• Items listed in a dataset
>>>>>
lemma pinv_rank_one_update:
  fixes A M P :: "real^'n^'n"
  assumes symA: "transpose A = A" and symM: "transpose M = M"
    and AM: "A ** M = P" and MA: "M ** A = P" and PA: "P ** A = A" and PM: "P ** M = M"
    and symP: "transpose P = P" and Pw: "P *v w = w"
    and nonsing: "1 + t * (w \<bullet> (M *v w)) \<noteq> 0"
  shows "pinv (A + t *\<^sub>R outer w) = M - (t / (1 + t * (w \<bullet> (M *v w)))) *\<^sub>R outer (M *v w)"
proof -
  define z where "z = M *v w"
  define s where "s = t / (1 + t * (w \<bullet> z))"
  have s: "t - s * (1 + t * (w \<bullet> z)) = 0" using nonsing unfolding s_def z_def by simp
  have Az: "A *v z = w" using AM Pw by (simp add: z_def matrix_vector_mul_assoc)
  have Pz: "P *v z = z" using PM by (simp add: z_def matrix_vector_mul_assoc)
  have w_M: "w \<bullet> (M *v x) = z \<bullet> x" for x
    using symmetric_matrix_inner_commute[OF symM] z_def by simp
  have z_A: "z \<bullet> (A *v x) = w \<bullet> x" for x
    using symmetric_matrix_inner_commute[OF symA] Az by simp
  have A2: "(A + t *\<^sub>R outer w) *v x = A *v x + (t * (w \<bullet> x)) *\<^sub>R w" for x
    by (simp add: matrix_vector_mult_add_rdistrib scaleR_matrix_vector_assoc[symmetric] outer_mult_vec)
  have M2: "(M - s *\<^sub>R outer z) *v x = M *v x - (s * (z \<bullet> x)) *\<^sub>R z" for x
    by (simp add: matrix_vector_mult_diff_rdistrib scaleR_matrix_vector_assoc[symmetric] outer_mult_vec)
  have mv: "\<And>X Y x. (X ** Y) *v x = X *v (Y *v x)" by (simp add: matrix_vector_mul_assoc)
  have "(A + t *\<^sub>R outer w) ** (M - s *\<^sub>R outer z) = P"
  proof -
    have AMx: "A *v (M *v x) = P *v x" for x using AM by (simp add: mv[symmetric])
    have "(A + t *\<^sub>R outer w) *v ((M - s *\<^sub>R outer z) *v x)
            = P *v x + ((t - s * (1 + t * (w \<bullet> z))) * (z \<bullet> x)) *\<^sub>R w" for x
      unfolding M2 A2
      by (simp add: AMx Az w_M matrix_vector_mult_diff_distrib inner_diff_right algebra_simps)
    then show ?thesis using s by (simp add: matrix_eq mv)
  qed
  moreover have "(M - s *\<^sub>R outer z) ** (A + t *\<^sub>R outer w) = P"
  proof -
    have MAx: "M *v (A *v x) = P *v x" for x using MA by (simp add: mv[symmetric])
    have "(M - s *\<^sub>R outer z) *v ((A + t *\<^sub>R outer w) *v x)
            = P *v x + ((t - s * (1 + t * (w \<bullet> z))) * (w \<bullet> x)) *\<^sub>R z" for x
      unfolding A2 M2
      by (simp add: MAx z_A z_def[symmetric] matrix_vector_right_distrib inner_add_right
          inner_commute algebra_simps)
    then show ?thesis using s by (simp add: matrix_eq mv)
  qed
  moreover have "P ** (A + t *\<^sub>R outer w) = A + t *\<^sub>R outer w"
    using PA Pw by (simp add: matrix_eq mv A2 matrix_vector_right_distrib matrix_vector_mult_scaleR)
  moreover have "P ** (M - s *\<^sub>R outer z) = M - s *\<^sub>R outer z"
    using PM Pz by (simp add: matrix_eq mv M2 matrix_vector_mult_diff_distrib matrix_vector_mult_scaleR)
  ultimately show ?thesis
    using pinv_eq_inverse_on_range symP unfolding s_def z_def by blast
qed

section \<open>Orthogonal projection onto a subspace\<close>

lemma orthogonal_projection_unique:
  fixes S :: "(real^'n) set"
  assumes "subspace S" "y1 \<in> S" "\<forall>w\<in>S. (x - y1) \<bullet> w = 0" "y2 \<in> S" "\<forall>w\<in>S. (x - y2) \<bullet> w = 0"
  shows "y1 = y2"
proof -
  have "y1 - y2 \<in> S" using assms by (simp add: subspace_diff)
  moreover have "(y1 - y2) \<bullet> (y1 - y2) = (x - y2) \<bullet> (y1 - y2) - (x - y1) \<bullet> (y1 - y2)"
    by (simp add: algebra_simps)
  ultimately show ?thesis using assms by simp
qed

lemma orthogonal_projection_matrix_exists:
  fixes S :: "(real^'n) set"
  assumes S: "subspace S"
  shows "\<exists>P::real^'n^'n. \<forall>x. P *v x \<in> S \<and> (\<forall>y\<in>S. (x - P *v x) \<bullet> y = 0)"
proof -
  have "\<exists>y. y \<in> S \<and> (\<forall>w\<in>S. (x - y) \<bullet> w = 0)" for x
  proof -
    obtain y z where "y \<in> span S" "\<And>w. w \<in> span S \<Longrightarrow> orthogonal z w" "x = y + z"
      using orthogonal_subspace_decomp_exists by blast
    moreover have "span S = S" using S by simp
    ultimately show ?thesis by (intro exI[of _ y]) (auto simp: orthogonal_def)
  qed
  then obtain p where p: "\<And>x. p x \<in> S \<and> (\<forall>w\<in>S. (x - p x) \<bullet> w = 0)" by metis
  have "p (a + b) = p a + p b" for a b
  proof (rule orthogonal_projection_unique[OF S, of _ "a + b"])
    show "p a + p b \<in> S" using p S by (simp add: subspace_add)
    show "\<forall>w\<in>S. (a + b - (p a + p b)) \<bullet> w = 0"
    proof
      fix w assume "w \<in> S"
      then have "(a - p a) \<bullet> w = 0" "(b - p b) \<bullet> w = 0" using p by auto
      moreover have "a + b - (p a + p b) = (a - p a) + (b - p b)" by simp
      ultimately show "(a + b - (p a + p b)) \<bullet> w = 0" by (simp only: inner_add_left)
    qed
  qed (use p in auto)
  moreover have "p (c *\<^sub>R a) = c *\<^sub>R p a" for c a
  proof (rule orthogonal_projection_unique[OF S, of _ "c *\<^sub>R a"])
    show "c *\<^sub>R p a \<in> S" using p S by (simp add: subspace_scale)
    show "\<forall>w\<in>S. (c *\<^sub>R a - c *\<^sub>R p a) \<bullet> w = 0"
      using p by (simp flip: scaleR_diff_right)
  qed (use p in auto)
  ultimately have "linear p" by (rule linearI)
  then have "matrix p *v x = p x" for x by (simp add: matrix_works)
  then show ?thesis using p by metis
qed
<<<<<
• ACTION ITEM
Find and copy each line above holding "ultimately".

• WRITTEN REPLY
  ultimately show ?thesis
  ultimately show ?thesis using assms by simp
    ultimately show ?thesis by (intro exI[of _ y]) (auto simp: orthogonal_def)
      ultimately show "(a + b - (p a + p b)) \<bullet> w = 0" by (simp only: inner_add_left)
  ultimately have "linear p" by (rule linearI)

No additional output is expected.